- **Your assignment**
From the data that follows, print exactly the lines starting at the one containing "then show ?thesis by (simp" and ending at the one containing "(c - \<delta>)"; include both of them and nothing more.

- **Data for processing**
- Opening Delimiter -
lemma sign_definite_on_perturb:
  assumes "sign_definite_on S g a" and "T \<subseteq> S" and "\<And>s. s \<in> T \<Longrightarrow> \<bar>h s - g s\<bar> \<le> b"
  shows "sign_definite_on T h (a - b)"
  using assms unfolding sign_definite_on_def by (force simp: abs_le_iff)

lemma sign_definite_near:
  assumes g: "continuous_on {0..1} g" and c: "c \<in> {0<..<1}" and a: "a < \<bar>g c\<bar>"
  shows "\<forall>\<^sub>F \<eta> in at_right 0. {c - \<eta>..c + \<eta>} \<subseteq> {0<..<1} \<and> sign_definite_on {c - \<eta>..c + \<eta>} g a"
proof -
  obtain d where d: "0 < d" and close: "\<And>s. s \<in> {0..1} \<Longrightarrow> dist s c < d \<Longrightarrow> dist (g s) (g c) < \<bar>g c\<bar> - a"
    using g c a unfolding continuous_on_iff by (metis diff_gt_0_iff_gt greaterThanLessThan_subseteq_atLeastAtMost_iff
        order_refl subsetD)
  show ?thesis
    unfolding eventually_at_right_field
  proof (intro exI[of _ "min d (min c (1 - c))"] conjI allI impI)
    show "0 < min d (min c (1 - c))" using d c by auto
    fix \<eta> :: real assume \<eta>: "0 < \<eta>" "\<eta> < min d (min c (1 - c))"
    show "{c - \<eta>..c + \<eta>} \<subseteq> {0<..<1}" using \<eta> by auto
    have near: "\<bar>g s - g c\<bar> < \<bar>g c\<bar> - a" if "s \<in> {c - \<eta>..c + \<eta>}" for s
      using close[of s] that \<eta> c by (auto simp: dist_real_def)
    show "sign_definite_on {c - \<eta>..c + \<eta>} g a"
      unfolding sign_definite_on_def
    proof (cases "0 \<le> g c")
      case True
      then have "a \<le> g s" if "s \<in> {c - \<eta>..c + \<eta>}" for s using near[OF that] by (auto simp: abs_less_iff)
      then show "(\<forall>s\<in>{c - \<eta>..c + \<eta>}. a \<le> g s) \<or> (\<forall>s\<in>{c - \<eta>..c + \<eta>}. g s \<le> - a)" by blast
    next
      case False
      then have "g s \<le> - a" if "s \<in> {c - \<eta>..c + \<eta>}" for s using near[OF that] by (auto simp: abs_less_iff)
      then show "(\<forall>s\<in>{c - \<eta>..c + \<eta>}. a \<le> g s) \<or> (\<forall>s\<in>{c - \<eta>..c + \<eta>}. g s \<le> - a)" by blast
    qed
  qed
qed

lemma eventually_at_right_0_obtain:
  assumes "\<forall>\<^sub>F x in at_right (0::real). P x"
  obtains x where "0 < x" and "P x"
proof -
  obtain b :: real where "0 < b" and "\<And>y. 0 < y \<Longrightarrow> y < b \<Longrightarrow> P y"
    using assms unfolding eventually_at_right_field by blast
  then show ?thesis using that[of "b / 2"] by simp
qed

lemma is_local_extremum_deriv_zero:
  assumes "is_local_extremum F \<tau>" and F: "(F has_real_derivative D) (at \<tau>)"
  shows "D = 0"
proof -
  obtain e where e: "0 < e"
    and "(\<forall>s. \<bar>s - \<tau>\<bar> < e \<longrightarrow> F s \<le> F \<tau>) \<or> (\<forall>s. \<bar>s - \<tau>\<bar> < e \<longrightarrow> F \<tau> \<le> F s)"
    using assms(1) unfolding is_local_extremum_def by blast
  then show ?thesis
    using DERIV_local_max[OF F e] DERIV_local_min[OF F e] by (auto simp: abs_minus_commute)
qed

lemma increment_ge_of_derivative_ge:
  fixes g g' :: "real \<Rightarrow> real"
  assumes st: "s \<le> t" and g: "\<And>x. x \<in> {s..t} \<Longrightarrow> (g has_real_derivative g' x) (at x)"
    and bound: "\<And>x. x \<in> {s..t} \<Longrightarrow> a \<le> g' x"
  shows "a * (t - s) \<le> g t - g s"
proof -
  have "g s - a * s \<le> g t - a * t"
  proof (rule DERIV_nonneg_imp_nondecreasing[OF st])
    fix x assume "s \<le> x" "x \<le> t"
    then have "((\<lambda>x. g x - a * x) has_real_derivative g' x - a) (at x)" and "a \<le> g' x"
      using g[of x] bound[of x] by (auto intro!: derivative_eq_intros)
    then show "\<exists>y. ((\<lambda>x. g x - a * x) has_real_derivative y) (at x) \<and> 0 \<le> y" by auto
  qed
  then show ?thesis by (simp add: algebra_simps)
qed

lemma local_min_of_derivative_sign_change:
  fixes F F' :: "real \<Rightarrow> real"
  assumes F: "\<And>s. s \<in> {c - \<eta>..c + \<eta>} \<Longrightarrow> (F has_real_derivative F' s) (at s)"
    and \<delta>: "0 \<le> \<delta>" "\<delta> < \<eta>"
    and left: "\<And>s. s \<in> {c - \<eta>..c - \<delta>} \<Longrightarrow> F' s \<le> 0"
    and right: "\<And>s. s \<in> {c + \<delta>..c + \<eta>} \<Longrightarrow> 0 \<le> F' s"
  obtains \<tau> where "\<bar>\<tau> - c\<bar> \<le> \<delta>" and "\<And>s. \<bar>s - \<tau>\<bar> < \<eta> - \<delta> \<Longrightarrow> F \<tau> \<le> F s"
proof -
  have "continuous_on {c - \<delta>..c + \<delta>} F"
    using \<delta> by (intro continuous_at_imp_continuous_on ballI DERIV_isCont[OF F]) auto
  moreover have "{c - \<delta>..c + \<delta>} \<noteq> {}" using \<delta> by simp
  ultimately obtain \<tau> where \<tau>: "\<tau> \<in> {c - \<delta>..c + \<delta>}" and min: "\<And>s. s \<in> {c - \<delta>..c + \<delta>} \<Longrightarrow> F \<tau> \<le> F s"
    using continuous_attains_inf[OF compact_Icc] by blast
  show ?thesis
  proof (rule that)
    show "\<bar>\<tau> - c\<bar> \<le> \<delta>" using \<tau> by auto
    fix s assume s: "\<bar>s - \<tau>\<bar> < \<eta> - \<delta>"
    consider "s < c - \<delta>" | "s \<in> {c - \<delta>..c + \<delta>}" | "c + \<delta> < s" by fastforce
    then show "F \<tau> \<le> F s"
    proof cases
      case 1
      have "F (c - \<delta>) \<le> F s"
      proof (rule DERIV_nonpos_imp_nonincreasing[of s "c - \<delta>" F])
        show "s \<le> c - \<delta>" using 1 by simp
        fix x assume "s \<le> x" "x \<le> c - \<delta>"
        then show "\<exists>y. (F has_real_derivative y) (at x) \<and> y \<le> 0"
          using F[of x] left[of x] s \<tau> \<delta> by (intro exI[of _ "F' x"]) auto
      qed
      then show ?thesis using min[of "c - \<delta>"] \<delta> by auto
    next
      case 2
      then show ?thesis by (rule min)
    next
      case 3
      have "F (c + \<delta>) \<le> F s"
      proof (rule DERIV_nonneg_imp_nondecreasing[of "c + \<delta>" s F])
        show "c + \<delta> \<le> s" using 3 by simp
        fix x assume "c + \<delta> \<le> x" "x \<le> s"
        then show "\<exists>y. (F has_real_derivative y) (at x) \<and> 0 \<le> y"
          using F[of x] right[of x] s \<tau> \<delta> by (intro exI[of _ "F' x"]) auto
      qed
      then show ?thesis using min[of "c + \<delta>"] \<delta> by auto
    qed
  qed
qed
(* Let $n>k\geq1$, $r=n-k$, and for $i\in[m]$ let $1\leq h_i\leq n-k$ and $k\leq d_i\leq n-h_i$ be integers. Put $\delta_i=\gcd(h_i,d_i-k)$ and $s_i=\frac{d_i-k+\delta_i}{\delta_i}$, with the pairs indexed so that $s_1\leq s_2\leq\cdots\leq s_m$; let $s=\mathrm{lcm}\big(\frac{d_1-k+h_1}{\delta_1},\ldots,\frac{d_m-k+h_m}{\delta_m}\big)$ and $\ell=s\cdot s_m^n$. Let $F$ be a finite field with $|F|\geq s_mn$ and $\lambda_{i,j}$, $i\in[n]$, $j\in[0,s_m-1]$, be $s_mn$ distinct elements of $F$. Let $\mathcal{C}_4$ be the set of all $(\bm c_1,\ldots,\bm c_n)$, $\bm c_i=(c_{i,0},\ldots,c_{i,\ell-1})\in F^\ell$, satisfying $$\sum_{i=1}^n \lambda_{i,a_i}^{t-1} c_{i,(a,b)}=0\quad\text{for all } a\in[0,s_m^n-1],\ b\in[0,s-1],\ t\in[r].$$ Then $\mathcal{C}_4$ is an $(n,k,\ell)$ MDS array code having the $(h_i,d_i)$-optimal repair property for all $i\in[m]$.
   Context: Notation: $[n]=\{1,\ldots,n\}$, $[i,j]=\{i,\ldots,j\}$. Each $\tau\in[0,\ell-1]$ is written uniquely as $\tau=b\cdot s_m^n+\sum_{i=1}^n a_i s_m^{i-1}$ with $b\in[0,s-1]$, $a_i\in[0,s_m-1]$; we write $a=(a_1,\ldots,a_n)$ and $\tau=(a,b)$, with $c_{i,(a,b)}=c_{i,\tau}$. An $(n,k,\ell)$ MDS array code over $F$ is an $F$-linear set of vectors $(\bm c_1,\ldots,\bm c_n)$, $\bm c_i\in F^\ell$ (node $i$ stores $\bm c_i$), of dimension $k\ell$, such that any $k$ coordinates determine the codeword. The $(h,d)$-optimal repair property means: for every $h$-subset $\mathcal{H}\subseteq[n]$ and every $d$-subset $\mathcal{R}\subseteq[n]\setminus\mathcal{H}$, each helper $j\in\mathcal{R}$ can send $\beta=\frac{h\ell}{d-k+h}$ symbols of $F$ computed from $\bm c_j$ such that from these $\frac{dh\ell}{d-k+h}$ symbols in total all $\bm c_i$, $i\in\mathcal{H}$, are determined, for every codeword (equality in the cut-set bound). *)

theory Defs
  imports Complex_Main "HOL-Library.Function_Algebras" "HOL-Library.Cardinality"
begin

text \<open>A codeword (c_1,...,c_n), c_i in F^l, is represented as c :: nat => nat => 'a,
  where c i tau = c_{i,tau} for i in {1..n}, tau < l, and c i tau = 0 otherwise.\<close>

definition cw_scale :: "'a::field \<Rightarrow> (nat \<Rightarrow> nat \<Rightarrow> 'a) \<Rightarrow> (nat \<Rightarrow> nat \<Rightarrow> 'a)" where
  "cw_scale x c = (\<lambda>i tau. x * c i tau)"

definition is_MDS_array_code ::
  "nat \<Rightarrow> nat \<Rightarrow> nat \<Rightarrow> (nat \<Rightarrow> nat \<Rightarrow> 'a::field) set \<Rightarrow> bool" where
  "is_MDS_array_code n k l C \<longleftrightarrow>
     (\<forall>c\<in>C. \<forall>i tau. (i \<notin> {1..n} \<or> l \<le> tau) \<longrightarrow> c i tau = 0) \<and>
     module.subspace cw_scale C \<and>
     vector_space.dim cw_scale C = k * l \<and>
     (\<forall>K. K \<subseteq> {1..n} \<and> card K = k \<longrightarrow>
        (\<forall>c\<in>C. \<forall>c'\<in>C. (\<forall>i\<in>K. c i = c' i) \<longrightarrow> c = c'))"

text \<open>(h,d)-optimal repair property: every helper j in R sends
  beta = h l / (d-k+h) symbols of F computed from c_j (a function f j of c_j),
  and these symbols determine all c_i, i in H, for every codeword.\<close>
definition has_optimal_repair ::
  "nat \<Rightarrow> nat \<Rightarrow> nat \<Rightarrow> (nat \<Rightarrow> nat \<Rightarrow> 'a::field) set \<Rightarrow> nat \<Rightarrow> nat \<Rightarrow> bool" where
  "has_optimal_repair n k l C h d \<longleftrightarrow>
     (d - k + h) dvd (h * l) \<and>
     (\<forall>H R. H \<subseteq> {1..n} \<and> card H = h \<and> R \<subseteq> {1..n} - H \<and> card R = d \<longrightarrow>
        (\<exists>f :: nat \<Rightarrow> (nat \<Rightarrow> 'a) \<Rightarrow> 'a list.
            (\<forall>j\<in>R. \<forall>v. length (f j v) = h * l div (d - k + h)) \<and>
            (\<forall>c\<in>C. \<forall>c'\<in>C. (\<forall>j\<in>R. f j (c j) = f j (c' j)) \<longrightarrow> (\<forall>i\<in>H. c i = c' i))))"

text \<open>Digit a_i of tau in [0, s_m^n * s - 1]: tau = b s_m^n + sum_i a_i s_m^(i-1).\<close>
definition digit :: "nat \<Rightarrow> nat \<Rightarrow> nat \<Rightarrow> nat" where
  "digit sm i tau = tau div sm ^ (i - 1) mod sm"

end

theory Submission
  imports Defs "HOL-Computational_Algebra.Polynomial" "HOL-Library.FuncSet" "HOL-Number_Theory.Cong"
begin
- Closing Delimiter -
- **Reply**
  then show ?thesis by (simp add: algebra_simps)
qed

lemma local_min_of_derivative_sign_change:
  fixes F F' :: "real \<Rightarrow> real"
  assumes F: "\<And>s. s \<in> {c - \<eta>..c + \<eta>} \<Longrightarrow> (F has_real_derivative F' s) (at s)"
    and \<delta>: "0 \<le> \<delta>" "\<delta> < \<eta>"
    and left: "\<And>s. s \<in> {c - \<eta>..c - \<delta>} \<Longrightarrow> F' s \<le> 0"
    and right: "\<And>s. s \<in> {c + \<delta>..c + \<eta>} \<Longrightarrow> 0 \<le> F' s"
  obtains \<tau> where "\<bar>\<tau> - c\<bar> \<le> \<delta>" and "\<And>s. \<bar>s - \<tau>\<bar> < \<eta> - \<delta> \<Longrightarrow> F \<tau> \<le> F s"
proof -
  have "continuous_on {c - \<delta>..c + \<delta>} F"
    using \<delta> by (intro continuous_at_imp_continuous_on ballI DERIV_isCont[OF F]) auto
  moreover have "{c - \<delta>..c + \<delta>} \<noteq> {}" using \<delta> by simp
  ultimately obtain \<tau> where \<tau>: "\<tau> \<in> {c - \<delta>..c + \<delta>}" and min: "\<And>s. s \<in> {c - \<delta>..c + \<delta>} \<Longrightarrow> F \<tau> \<le> F s"
    using continuous_attains_inf[OF compact_Icc] by blast
  show ?thesis
  proof (rule that)
    show "\<bar>\<tau> - c\<bar> \<le> \<delta>" using \<tau> by auto
    fix s assume s: "\<bar>s - \<tau>\<bar> < \<eta> - \<delta>"
    consider "s < c - \<delta>" | "s \<in> {c - \<delta>..c + \<delta>}" | "c + \<delta> < s" by fastforce
    then show "F \<tau> \<le> F s"
    proof cases
      case 1
      have "F (c - \<delta>) \<le> F s"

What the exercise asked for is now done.